Task instructions: Could you repeat the records shown below exactly as written?

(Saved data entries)
──────

lemma sum_sign_defect:
  fixes x w :: "'a \<Rightarrow> real"
  assumes "finite I" "\<And>i. i \<in> I \<Longrightarrow> x i \<in> {-1, 1}" "\<And>i. i \<in> I \<Longrightarrow> 0 < w i"
  shows "(\<Sum>i\<in>I. (x i - 1) * w i) \<le> 0"
    and "(\<Sum>i\<in>I. (x i - 1) * w i) = 0 \<Longrightarrow> i \<in> I \<Longrightarrow> x i = 1"
proof -
  have defect: "0 \<le> (1 - x i) * w i" if "i \<in> I" for i
    using assms(2,3)[OF that] by auto
  have sum_eq: "(\<Sum>i\<in>I. (x i - 1) * w i) = - (\<Sum>i\<in>I. (1 - x i) * w i)"
    by (simp add: sum_negf[symmetric] algebra_simps)
  show "(\<Sum>i\<in>I. (x i - 1) * w i) \<le> 0"
    unfolding sum_eq using defect by (simp add: sum_nonneg)
  assume "(\<Sum>i\<in>I. (x i - 1) * w i) = 0" "i \<in> I"
  then have "(1 - x i) * w i = 0"
    using sum_nonneg_eq_0_iff[OF assms(1) defect] by (simp add: sum_eq)
  with assms(3)[OF \<open>i \<in> I\<close>] show "x i = 1" by simp
qed

theorem lemma3:
  fixes c :: nat
    and a b cc d :: "int \<Rightarrow> nat \<Rightarrow> real"
    and x :: "nat \<Rightarrow> real"
  assumes c_pos: "c \<ge> 1"
    and nonneg: "\<And>i k. i \<in> {1..c} \<Longrightarrow> k \<le> 1 \<Longrightarrow>
                   a k i \<ge> 0 \<and> b k i \<ge> 0 \<and> cc k i \<ge> 0 \<and> d k i \<ge> 0"
    and A_i: "\<And>i. i \<in> {1..c} \<Longrightarrow>
                summable (\<lambda>n. a (1 - int n) i) \<and> summable (\<lambda>n. b (1 - int n) i) \<and>
                summable (\<lambda>n. cc (1 - int n) i) \<and> summable (\<lambda>n. d (1 - int n) i)"
    and A_ii: "\<And>i. i \<in> {1..c} \<Longrightarrow> genf a i 1 > 0 \<and> genf d i 1 > 0"
    and A_iii: "\<And>i. i \<in> {1..c} \<Longrightarrow>
                summable (\<lambda>n. real n * a (1 - int n) i) \<and> summable (\<lambda>n. real n * b (1 - int n) i) \<and>
                summable (\<lambda>n. real n * cc (1 - int n) i) \<and> summable (\<lambda>n. real n * d (1 - int n) i)"
    and A_iv: "\<And>i. i \<in> {1..c} \<Longrightarrow> a 1 i = 0 \<or> d 1 i = 0"
    and A_v: "\<And>i. i \<in> {1..c} \<Longrightarrow> b 1 i = cc 1 i \<and> b 1 i \<noteq> 0"
    and E: "0 < (\<Sum>i=1..c. (1 / (genf a i 1 + genf d i 1)) *
              (genf d i 1 * (genf_deriv1 a i - genf a i 1 + genf_deriv1 b i - genf b i 1)
               + genf a i 1 * (genf_deriv1 cc i - genf cc i 1 + genf_deriv1 d i - genf d i 1)))"
    and x_pm: "\<And>i. i \<in> {1..c} \<Longrightarrow> x i \<in> {-1, 1}"
  shows "\<exists>\<beta>0::real. 0 < \<beta>0 \<and> \<beta>0 < 1 \<and>
    0 = (\<Sum>i=1..c.
          x i * sqrt ((\<beta>0 * (genf a i 1 + genf b i 1 - genf cc i 1 - genf d i 1)
                        - genf b i \<beta>0 + genf cc i \<beta>0)\<^sup>2
                      + 4 * genf a i \<beta>0 * genf d i \<beta>0)
          + genf b i \<beta>0 + genf cc i \<beta>0
          - \<beta>0 * (genf a i 1 + genf b i 1 + genf cc i 1 + genf d i 1))"
proof -
  let ?I = "{1..c}"
  have regular: "regular_rate r i" if "i \<in> ?I" "r \<in> {a, b, cc, d}" for i r
    using nonneg[OF that(1)] A_i[OF that(1)] A_iii[OF that(1)] that(2)
    by (auto simp: regular_rate_def)
  obtain g where g: "\<And>i. i \<in> ?I \<Longrightarrow> continuous_on {0..1} (g i)"
    "\<And>i y. i \<in> ?I \<Longrightarrow> y \<in> {0..1} \<Longrightarrow>
      server_term a b cc d i (x i) y = (x i - 1) * (genf a i 1 + genf d i 1) + (1 - y) * g i y"
    "\<And>i. i \<in> ?I \<Longrightarrow> x i = 1 \<Longrightarrow> g i 1 = -2 * server_drift a b cc d i"
    using server_terms_factor_at_one[OF regular A_ii] by blast
  define T where "T = (\<Sum>i\<in>?I. (x i - 1) * (genf a i 1 + genf d i 1))"
  have w_pos: "\<And>i. i \<in> ?I \<Longrightarrow> 0 < genf a i 1 + genf d i 1" using A_ii by (simp add: add_pos_pos)
  have T_nonpos: "T \<le> 0"
    unfolding T_def using x_pm w_pos by (rule sum_sign_defect(1)[OF finite_atLeastAtMost])
  have all_one: "x i = 1" if "T = 0" "i \<in> ?I" for i
    using x_pm w_pos that[unfolded T_def] by (rule sum_sign_defect(2)[OF finite_atLeastAtMost])
  have "\<exists>\<beta>. 0 < \<beta> \<and> \<beta> < 1 \<and> (\<Sum>i\<in>?I. server_term a b cc d i (x i) \<beta>) = 0"
  proof (rule root_in_open_unit_interval[where G = "\<lambda>y. \<Sum>i\<in>?I. g i y" and T = T])
    show "continuous_on {0..1} (\<lambda>y. \<Sum>i\<in>?I. g i y)" using g(1) by (rule continuous_on_sum)
    show "(\<Sum>i\<in>?I. server_term a b cc d i (x i) y) = T + (1 - y) * (\<Sum>i\<in>?I. g i y)"
      if "y \<in> {0..1}" for y
      using g(2)[OF _ that] by (simp add: T_def sum.distrib sum_distrib_left)
    show "0 < (\<Sum>i\<in>?I. server_term a b cc d i (x i) 0)"
    proof (rule sum_pos)
      fix i assume i: "i \<in> ?I"
      show "0 < server_term a b cc d i (x i) 0"
        using server_term_pos_at_zero[of a i d b cc, OF A_iv[OF i] A_v[OF i]] nonneg[OF i, of 1] by simp
    qed (use c_pos in auto)
    show "T \<le> 0" by (fact T_nonpos)
    show "(\<Sum>i\<in>?I. g i 1) < 0" if "T = 0"
    proof -
      have "(\<Sum>i\<in>?I. g i 1) = -2 * (\<Sum>i\<in>?I. server_drift a b cc d i)"
        using g(3) all_one[OF that] by (simp add: sum_distrib_left)
      with E show ?thesis by (simp add: server_drift_def)
    qed
  qed
  then obtain \<beta> where "0 < \<beta>" "\<beta> < 1" "(\<Sum>i\<in>?I. server_term a b cc d i (x i) \<beta>) = 0"
    by blast
  then show ?thesis unfolding server_term_def by (intro exI[of _ \<beta>]) simp
qed

end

──────

Completed exercise:
lemma sum_sign_defect:
  fixes x w :: "'a \<Rightarrow> real"
  assumes "finite I" "\<And>i. i \<in> I \<Longrightarrow> x i \<in> {-1, 1}" "\<And>i. i \<in> I \<Longrightarrow> 0 < w i"
  shows "(\<Sum>i\<in>I. (x i - 1) * w i) \<le> 0"
    and "(\<Sum>i\<in>I. (x i - 1) * w i) = 0 \<Longrightarrow> i \<in> I \<Longrightarrow> x i = 1"
proof -
  have defect: "0 \<le> (1 - x i) * w i" if "i \<in> I" for i
    using assms(2,3)[OF that] by auto
  have sum_eq: "(\<Sum>i\<in>I. (x i - 1) * w i) = - (\<Sum>i\<in>I. (1 - x i) * w i)"
    by (simp add: sum_negf[symmetric] algebra_simps)
  show "(\<Sum>i\<in>I. (x i - 1) * w i) \<le> 0"
    unfolding sum_eq using defect by (simp add: sum_nonneg)
  assume "(\<Sum>i\<in>I. (x i - 1) * w i) = 0" "i \<in> I"
  then have "(1 - x i) * w i = 0"
    using sum_nonneg_eq_0_iff[OF assms(1) defect] by (simp add: sum_eq)
  with assms(3)[OF \<open>i \<in> I\<close>] show "x i = 1" by simp
qed

theorem lemma3:
  fixes c :: nat
    and a b cc d :: "int \<Rightarrow> nat \<Rightarrow> real"
    and x :: "nat \<Rightarrow> real"
  assumes c_pos: "c \<ge> 1"
    and nonneg: "\<And>i k. i \<in> {1..c} \<Longrightarrow> k \<le> 1 \<Longrightarrow>
                   a k i \<ge> 0 \<and> b k i \<ge> 0 \<and> cc k i \<ge> 0 \<and> d k i \<ge> 0"
    and A_i: "\<And>i. i \<in> {1..c} \<Longrightarrow>
                summable (\<lambda>n. a (1 - int n) i) \<and> summable (\<lambda>n. b (1 - int n) i) \<and>
                summable (\<lambda>n. cc (1 - int n) i) \<and> summable (\<lambda>n. d (1 - int n) i)"
    and A_ii: "\<And>i. i \<in> {1..c} \<Longrightarrow> genf a i 1 > 0 \<and> genf d i 1 > 0"
    and A_iii: "\<And>i. i \<in> {1..c} \<Longrightarrow>
                summable (\<lambda>n. real n * a (1 - int n) i) \<and> summable (\<lambda>n. real n * b (1 - int n) i) \<and>
                summable (\<lambda>n. real n * cc (1 - int n) i) \<and> summable (\<lambda>n. real n * d (1 - int n) i)"
    and A_iv: "\<And>i. i \<in> {1..c} \<Longrightarrow> a 1 i = 0 \<or> d 1 i = 0"
    and A_v: "\<And>i. i \<in> {1..c} \<Longrightarrow> b 1 i = cc 1 i \<and> b 1 i \<noteq> 0"
    and E: "0 < (\<Sum>i=1..c. (1 / (genf a i 1 + genf d i 1)) *
              (genf d i 1 * (genf_deriv1 a i - genf a i 1 + genf_deriv1 b i - genf b i 1)
               + genf a i 1 * (genf_deriv1 cc i - genf cc i 1 + genf_deriv1 d i - genf d i 1)))"
    and x_pm: "\<And>i. i \<in> {1..c} \<Longrightarrow> x i \<in> {-1, 1}"
  shows "\<exists>\<beta>0::real. 0 < \<beta>0 \<and> \<beta>0 < 1 \<and>
    0 = (\<Sum>i=1..c.
          x i * sqrt ((\<beta>0 * (genf a i 1 + genf b i 1 - genf cc i 1 - genf d i 1)
                        - genf b i \<beta>0 + genf cc i \<beta>0)\<^sup>2
                      + 4 * genf a i \<beta>0 * genf d i \<beta>0)
          + genf b i \<beta>0 + genf cc i \<beta>0
          - \<beta>0 * (genf a i 1 + genf b i 1 + genf cc i 1 + genf d i 1))"
proof -
  let ?I = "{1..c}"
  have regular: "regular_rate r i" if "i \<in> ?I" "r \<in> {a, b, cc, d}" for i r
    using nonneg[OF that(1)] A_i[OF that(1)] A_iii[OF that(1)] that(2)
    by (auto simp: regular_rate_def)
  obtain g where g: "\<And>i. i \<in> ?I \<Longrightarrow> continuous_on {0..1} (g i)"
    "\<And>i y. i \<in> ?I \<Longrightarrow> y \<in> {0..1} \<Longrightarrow>
      server_term a b cc d i (x i) y = (x i - 1) * (genf a i 1 + genf d i 1) + (1 - y) * g i y"
    "\<And>i. i \<in> ?I \<Longrightarrow> x i = 1 \<Longrightarrow> g i 1 = -2 * server_drift a b cc d i"
    using server_terms_factor_at_one[OF regular A_ii] by blast
  define T where "T = (\<Sum>i\<in>?I. (x i - 1) * (genf a i 1 + genf d i 1))"
  have w_pos: "\<And>i. i \<in> ?I \<Longrightarrow> 0 < genf a i 1 + genf d i 1" using A_ii by (simp add: add_pos_pos)
  have T_nonpos: "T \<le> 0"
    unfolding T_def using x_pm w_pos by (rule sum_sign_defect(1)[OF finite_atLeastAtMost])
  have all_one: "x i = 1" if "T = 0" "i \<in> ?I" for i
    using x_pm w_pos that[unfolded T_def] by (rule sum_sign_defect(2)[OF finite_atLeastAtMost])
  have "\<exists>\<beta>. 0 < \<beta> \<and> \<beta> < 1 \<and> (\<Sum>i\<in>?I. server_term a b cc d i (x i) \<beta>) = 0"
  proof (rule root_in_open_unit_interval[where G = "\<lambda>y. \<Sum>i\<in>?I. g i y" and T = T])
    show "continuous_on {0..1} (\<lambda>y. \<Sum>i\<in>?I. g i y)" using g(1) by (rule continuous_on_sum)
    show "(\<Sum>i\<in>?I. server_term a b cc d i (x i) y) = T + (1 - y) * (\<Sum>i\<in>?I. g i y)"
      if "y \<in> {0..1}" for y
      using g(2)[OF _ that] by (simp add: T_def sum.distrib sum_distrib_left)
    show "0 < (\<Sum>i\<in>?I. server_term a b cc d i (x i) 0)"
    proof (rule sum_pos)
      fix i assume i: "i \<in> ?I"
      show "0 < server_term a b cc d i (x i) 0"
        using server_term_pos_at_zero[of a i d b cc, OF A_iv[OF i] A_v[OF i]] nonneg[OF i, of 1] by simp
    qed (use c_pos in auto)
    show "T \<le> 0" by (fact T_nonpos)
    show "(\<Sum>i\<in>?I. g i 1) < 0" if "T = 0"
    proof -
      have "(\<Sum>i\<in>?I. g i 1) = -2 * (\<Sum>i\<in>?I. server_drift a b cc d i)"
        using g(3) all_one[OF that] by (simp add: sum_distrib_left)
      with E show ?thesis by (simp add: server_drift_def)
    qed
  qed
  then obtain \<beta> where "0 < \<beta>" "\<beta> < 1" "(\<Sum>i\<in>?I. server_term a b cc d i (x i) \<beta>) = 0"
    by blast
  then show ?thesis unfolding server_term_def by (intro exI[of _ \<beta>]) simp
qed

end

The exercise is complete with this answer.